(* Let $(V,\omega)$ be a vertex operator algebra. Then the set $\operatorname{Sc}(V,\omega)$ of semi-conformal vectors of $(V,\omega)$ is a Zariski closed subset of the finite-dimensional complex vector space $V_2$; in particular it is an affine algebraic variety over $\mathbb{C}$.
   Context: A vertex operator algebra $(V,Y,\mathbf 1,\omega)$ is $\mathbb Z$-graded, $V=\bigoplus_n V_n$, by the eigenvalues of $L(0)$, where $Y(\omega,z)=\sum_n L(n)z^{-n-2}$; each $V_n$ is finite dimensional and $V_n=0$ for $n\ll 0$. Write $Y(v,z)=\sum_n v_nz^{-n-1}$. A vertex operator subalgebra $(U,\omega')$ of $(V,\omega)$ is a vertex subalgebra $U\ni\mathbf 1$ together with a vector $\omega'\in U$ making $(U,Y|_U,\mathbf 1,\omega')$ a vertex operator algebra (the conformal vector $\omega'$ may differ from $\omega$). It is called semi-conformal if $L(n)|_U=L'(n)|_U$ for all $n\ge 0$, where $Y(\omega',z)=\sum_n L'(n)z^{-n-2}$ (equivalently $\omega_n|_U=\omega'_n|_U$ for all $n\ge 0$). A semi-conformal vector of $(V,\omega)$ is a vector $\omega'\in V_2$ which is the conformal vector of some semi-conformal vertex operator subalgebra. $\operatorname{Sc}(V,\omega)$ denotes the set of all semi-conformal vectors. *)

theory Defs
  imports Complex_Main "HOL-Library.Groups_Big_Fun"
begin

text \<open>A vertex operator algebra is encoded by: a complex scalar multiplication
  sc on a type 'v (the ambient vector space), a carrier subspace V, the modes
  Y u n w = u_n w (so Y(u,z) = sum_n u_n z^(-n-1)), the vacuum vac and the
  conformal vector om.  L(n) = om_(n+1).\<close>

definition wt_space ::
  "(complex \<Rightarrow> 'v::ab_group_add \<Rightarrow> 'v) \<Rightarrow> 'v set \<Rightarrow> ('v \<Rightarrow> int \<Rightarrow> 'v \<Rightarrow> 'v) \<Rightarrow> 'v \<Rightarrow> int \<Rightarrow> 'v set"
  where "wt_space sc V Y om n = {v \<in> V. Y om 1 v = sc (of_int n) v}"

definition is_voa ::
  "(complex \<Rightarrow> 'v::ab_group_add \<Rightarrow> 'v) \<Rightarrow> 'v set \<Rightarrow> ('v \<Rightarrow> int \<Rightarrow> 'v \<Rightarrow> 'v) \<Rightarrow> 'v \<Rightarrow> 'v \<Rightarrow> bool"
  where "is_voa sc V Y vac om \<longleftrightarrow>
    module.subspace sc V \<and> vac \<in> V \<and> om \<in> V \<and>
    \<comment> \<open>closure of V under all products\<close>
    (\<forall>u\<in>V. \<forall>w\<in>V. \<forall>n. Y u n w \<in> V) \<and>
    \<comment> \<open>bilinearity\<close>
    (\<forall>a u u' w n. u \<in> V \<longrightarrow> u' \<in> V \<longrightarrow> w \<in> V \<longrightarrow>
        Y (sc a u + u') n w = sc a (Y u n w) + Y u' n w \<and>
        Y w n (sc a u + u') = sc a (Y w n u) + Y w n u') \<and>
    \<comment> \<open>truncation\<close>
    (\<forall>u\<in>V. \<forall>w\<in>V. \<exists>N. \<forall>n\<ge>N. Y u n w = 0) \<and>
    \<comment> \<open>vacuum property Y(1,z) = id\<close>
    (\<forall>w\<in>V. \<forall>n. Y vac n w = (if n = -1 then w else 0)) \<and>
    \<comment> \<open>creation property\<close>
    (\<forall>u\<in>V. (\<forall>n\<ge>0. Y u n vac = 0) \<and> Y u (-1) vac = u) \<and>
    \<comment> \<open>Jacobi identity, in the equivalent Borcherds (component) form\<close>
    (\<forall>u\<in>V. \<forall>v\<in>V. \<forall>w\<in>V. \<forall>m n r :: int.
        (\<Sum>i::nat. sc ((of_int m :: complex) gchoose i) (Y (Y u (r + int i) v) (m + n - int i) w))
      = (\<Sum>i::nat. sc ((-1) ^ i * ((of_int r :: complex) gchoose i))
            (Y u (m + r - int i) (Y v (n + int i) w)
             - sc ((-1) powi r) (Y v (n + r - int i) (Y u (m + int i) w))))) \<and>
    \<comment> \<open>Virasoro relations with some central charge c\<close>
    (\<exists>c::complex. \<forall>m n :: int. \<forall>w\<in>V.
        Y om (m + 1) (Y om (n + 1) w) - Y om (n + 1) (Y om (m + 1) w)
      = sc (of_int (m - n)) (Y om (m + n + 1) w)
        + sc ((of_int m ^ 3 - of_int m) / 12 * (if m + n = 0 then c else 0)) w) \<and>
    \<comment> \<open>L(-1)-derivative property: Y(L(-1)u,z) = d/dz Y(u,z)\<close>
    (\<forall>u\<in>V. \<forall>w\<in>V. \<forall>n. Y (Y om 0 u) n w = sc (- of_int n) (Y u (n - 1) w)) \<and>
    \<comment> \<open>grading by L(0)-eigenvalues\<close>
    om \<in> wt_space sc V Y om 2 \<and>
    V \<subseteq> module.span sc (\<Union>n. wt_space sc V Y om n) \<and>
    (\<forall>n. \<exists>B. finite B \<and> B \<subseteq> wt_space sc V Y om n \<and>
           wt_space sc V Y om n \<subseteq> module.span sc B) \<and>
    (\<exists>N. \<forall>n<N. wt_space sc V Y om n = {0})"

______

Problem to solve
Make an exact copy of every record in the listing.

Answer to this problem
(* Let $(V,\omega)$ be a vertex operator algebra. Then the set $\operatorname{Sc}(V,\omega)$ of semi-conformal vectors of $(V,\omega)$ is a Zariski closed subset of the finite-dimensional complex vector space $V_2$; in particular it is an affine algebraic variety over $\mathbb{C}$.
   Context: A vertex operator algebra $(V,Y,\mathbf 1,\omega)$ is $\mathbb Z$-graded, $V=\bigoplus_n V_n$, by the eigenvalues of $L(0)$, where $Y(\omega,z)=\sum_n L(n)z^{-n-2}$; each $V_n$ is finite dimensional and $V_n=0$ for $n\ll 0$. Write $Y(v,z)=\sum_n v_nz^{-n-1}$. A vertex operator subalgebra $(U,\omega')$ of $(V,\omega)$ is a vertex subalgebra $U\ni\mathbf 1$ together with a vector $\omega'\in U$ making $(U,Y|_U,\mathbf 1,\omega')$ a vertex operator algebra (the conformal vector $\omega'$ may differ from $\omega$). It is called semi-conformal if $L(n)|_U=L'(n)|_U$ for all $n\ge 0$, where $Y(\omega',z)=\sum_n L'(n)z^{-n-2}$ (equivalently $\omega_n|_U=\omega'_n|_U$ for all $n\ge 0$). A semi-conformal vector of $(V,\omega)$ is a vector $\omega'\in V_2$ which is the conformal vector of some semi-conformal vertex operator subalgebra. $\operatorname{Sc}(V,\omega)$ denotes the set of all semi-conformal vectors. *)

theory Defs
  imports Complex_Main "HOL-Library.Groups_Big_Fun"
begin

text \<open>A vertex operator algebra is encoded by: a complex scalar multiplication
  sc on a type 'v (the ambient vector space), a carrier subspace V, the modes
  Y u n w = u_n w (so Y(u,z) = sum_n u_n z^(-n-1)), the vacuum vac and the
  conformal vector om.  L(n) = om_(n+1).\<close>

definition wt_space ::
  "(complex \<Rightarrow> 'v::ab_group_add \<Rightarrow> 'v) \<Rightarrow> 'v set \<Rightarrow> ('v \<Rightarrow> int \<Rightarrow> 'v \<Rightarrow> 'v) \<Rightarrow> 'v \<Rightarrow> int \<Rightarrow> 'v set"
  where "wt_space sc V Y om n = {v \<in> V. Y om 1 v = sc (of_int n) v}"

definition is_voa ::
  "(complex \<Rightarrow> 'v::ab_group_add \<Rightarrow> 'v) \<Rightarrow> 'v set \<Rightarrow> ('v \<Rightarrow> int \<Rightarrow> 'v \<Rightarrow> 'v) \<Rightarrow> 'v \<Rightarrow> 'v \<Rightarrow> bool"
  where "is_voa sc V Y vac om \<longleftrightarrow>
    module.subspace sc V \<and> vac \<in> V \<and> om \<in> V \<and>
    \<comment> \<open>closure of V under all products\<close>
    (\<forall>u\<in>V. \<forall>w\<in>V. \<forall>n. Y u n w \<in> V) \<and>
    \<comment> \<open>bilinearity\<close>
    (\<forall>a u u' w n. u \<in> V \<longrightarrow> u' \<in> V \<longrightarrow> w \<in> V \<longrightarrow>
        Y (sc a u + u') n w = sc a (Y u n w) + Y u' n w \<and>
        Y w n (sc a u + u') = sc a (Y w n u) + Y w n u') \<and>
    \<comment> \<open>truncation\<close>
    (\<forall>u\<in>V. \<forall>w\<in>V. \<exists>N. \<forall>n\<ge>N. Y u n w = 0) \<and>
    \<comment> \<open>vacuum property Y(1,z) = id\<close>
    (\<forall>w\<in>V. \<forall>n. Y vac n w = (if n = -1 then w else 0)) \<and>
    \<comment> \<open>creation property\<close>
    (\<forall>u\<in>V. (\<forall>n\<ge>0. Y u n vac = 0) \<and> Y u (-1) vac = u) \<and>
    \<comment> \<open>Jacobi identity, in the equivalent Borcherds (component) form\<close>
    (\<forall>u\<in>V. \<forall>v\<in>V. \<forall>w\<in>V. \<forall>m n r :: int.
        (\<Sum>i::nat. sc ((of_int m :: complex) gchoose i) (Y (Y u (r + int i) v) (m + n - int i) w))
      = (\<Sum>i::nat. sc ((-1) ^ i * ((of_int r :: complex) gchoose i))
            (Y u (m + r - int i) (Y v (n + int i) w)
             - sc ((-1) powi r) (Y v (n + r - int i) (Y u (m + int i) w))))) \<and>
    \<comment> \<open>Virasoro relations with some central charge c\<close>
    (\<exists>c::complex. \<forall>m n :: int. \<forall>w\<in>V.
        Y om (m + 1) (Y om (n + 1) w) - Y om (n + 1) (Y om (m + 1) w)
      = sc (of_int (m - n)) (Y om (m + n + 1) w)
        + sc ((of_int m ^ 3 - of_int m) / 12 * (if m + n = 0 then c else 0)) w) \<and>
    \<comment> \<open>L(-1)-derivative property: Y(L(-1)u,z) = d/dz Y(u,z)\<close>
    (\<forall>u\<in>V. \<forall>w\<in>V. \<forall>n. Y (Y om 0 u) n w = sc (- of_int n) (Y u (n - 1) w)) \<and>
    \<comment> \<open>grading by L(0)-eigenvalues\<close>
    om \<in> wt_space sc V Y om 2 \<and>
    V \<subseteq> module.span sc (\<Union>n. wt_space sc V Y om n) \<and>
    (\<forall>n. \<exists>B. finite B \<and> B \<subseteq> wt_space sc V Y om n \<and>
           wt_space sc V Y om n \<subseteq> module.span sc B) \<and>
    (\<exists>N. \<forall>n<N. wt_space sc V Y om n = {0})"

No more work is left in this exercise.